__WHAT YOU SHOULD DO__:
Write out all of the listing exactly. Add nothing to it.

__DATASET RECORDS__:

• • • • • • •

(* Let $A$ be a real $n\times n$ matrix all of whose eigenvalues $\lambda_1,\dots,\lambda_n$ are real and nonzero, and let $J$ be its Jordan normal form. For $\varepsilon\in\mathbb{C}$ and $a\in\mathbb{R}$ let $L_\varepsilon(a)=-\varepsilon a^2\,\mathrm{Id}+\mathrm{i}a\,\mathrm{Id}+\varepsilon J$ and $\Gamma_\varepsilon=\sup_{a\in\mathbb{R}}|L_\varepsilon(a)^{-1}|$. Let $\Omega(\sigma,\mu)=\{\varepsilon\in\mathbb{C}:\ \mathrm{Re}(\varepsilon)\ge\mu|\mathrm{Im}(\varepsilon)|,\ \sigma\le|\varepsilon|\le2\sigma\}$ with $\mu>\mu_0$, $\mu_0$ sufficiently large, and $\sigma>0$ sufficiently small. Then for every $\varepsilon\in\Omega(\sigma,\mu)$, $L_\varepsilon(a)$ is invertible for all $a\in\mathbb{R}$ and $$\Gamma_\varepsilon\le\sigma^{-1}C_{\lambda,\mu},$$ where $C_{\lambda,\mu}>0$ depends only on $\lambda_1,\dots,\lambda_n$ and $\mu$.
   Context: $|\cdot|$ denotes a matrix norm on $n\times n$ complex matrices. *)

theory Defs
  imports "Jordan_Normal_Form.Jordan_Normal_Form" "HOL-Analysis.Analysis"
begin

text \<open>Matrix norm on complex square matrices: the Frobenius norm (a submultiplicative
matrix norm; all norms on n x n matrices are equivalent with constants depending on n only).\<close>
definition mat_norm :: "complex mat \<Rightarrow> real" where
  "mat_norm M = sqrt (\<Sum>i<dim_row M. \<Sum>j<dim_col M. (cmod (M $$ (i, j)))^2)"

definition mat_inv :: "complex mat \<Rightarrow> complex mat" where
  "mat_inv M = (SOME B. B \<in> carrier_mat (dim_row M) (dim_row M) \<and> inverts_mat M B \<and> inverts_mat B M)"

definition L_mat :: "nat \<Rightarrow> complex mat \<Rightarrow> complex \<Rightarrow> real \<Rightarrow> complex mat" where
  "L_mat n J eps a = (- eps * (complex_of_real a)^2 + \<i> * complex_of_real a) \<cdot>\<^sub>m 1\<^sub>m n + eps \<cdot>\<^sub>m J"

• • • • • • •

__REPLY TO THE EXERCISE__:
(* Let $A$ be a real $n\times n$ matrix all of whose eigenvalues $\lambda_1,\dots,\lambda_n$ are real and nonzero, and let $J$ be its Jordan normal form. For $\varepsilon\in\mathbb{C}$ and $a\in\mathbb{R}$ let $L_\varepsilon(a)=-\varepsilon a^2\,\mathrm{Id}+\mathrm{i}a\,\mathrm{Id}+\varepsilon J$ and $\Gamma_\varepsilon=\sup_{a\in\mathbb{R}}|L_\varepsilon(a)^{-1}|$. Let $\Omega(\sigma,\mu)=\{\varepsilon\in\mathbb{C}:\ \mathrm{Re}(\varepsilon)\ge\mu|\mathrm{Im}(\varepsilon)|,\ \sigma\le|\varepsilon|\le2\sigma\}$ with $\mu>\mu_0$, $\mu_0$ sufficiently large, and $\sigma>0$ sufficiently small. Then for every $\varepsilon\in\Omega(\sigma,\mu)$, $L_\varepsilon(a)$ is invertible for all $a\in\mathbb{R}$ and $$\Gamma_\varepsilon\le\sigma^{-1}C_{\lambda,\mu},$$ where $C_{\lambda,\mu}>0$ depends only on $\lambda_1,\dots,\lambda_n$ and $\mu$.
   Context: $|\cdot|$ denotes a matrix norm on $n\times n$ complex matrices. *)

theory Defs
  imports "Jordan_Normal_Form.Jordan_Normal_Form" "HOL-Analysis.Analysis"
begin

text \<open>Matrix norm on complex square matrices: the Frobenius norm (a submultiplicative
matrix norm; all norms on n x n matrices are equivalent with constants depending on n only).\<close>
definition mat_norm :: "complex mat \<Rightarrow> real" where
  "mat_norm M = sqrt (\<Sum>i<dim_row M. \<Sum>j<dim_col M. (cmod (M $$ (i, j)))^2)"

definition mat_inv :: "complex mat \<Rightarrow> complex mat" where
  "mat_inv M = (SOME B. B \<in> carrier_mat (dim_row M) (dim_row M) \<and> inverts_mat M B \<and> inverts_mat B M)"

definition L_mat :: "nat \<Rightarrow> complex mat \<Rightarrow> complex \<Rightarrow> real \<Rightarrow> complex mat" where
  "L_mat n J eps a = (- eps * (complex_of_real a)^2 + \<i> * complex_of_real a) \<cdot>\<^sub>m 1\<^sub>m n + eps \<cdot>\<^sub>m J"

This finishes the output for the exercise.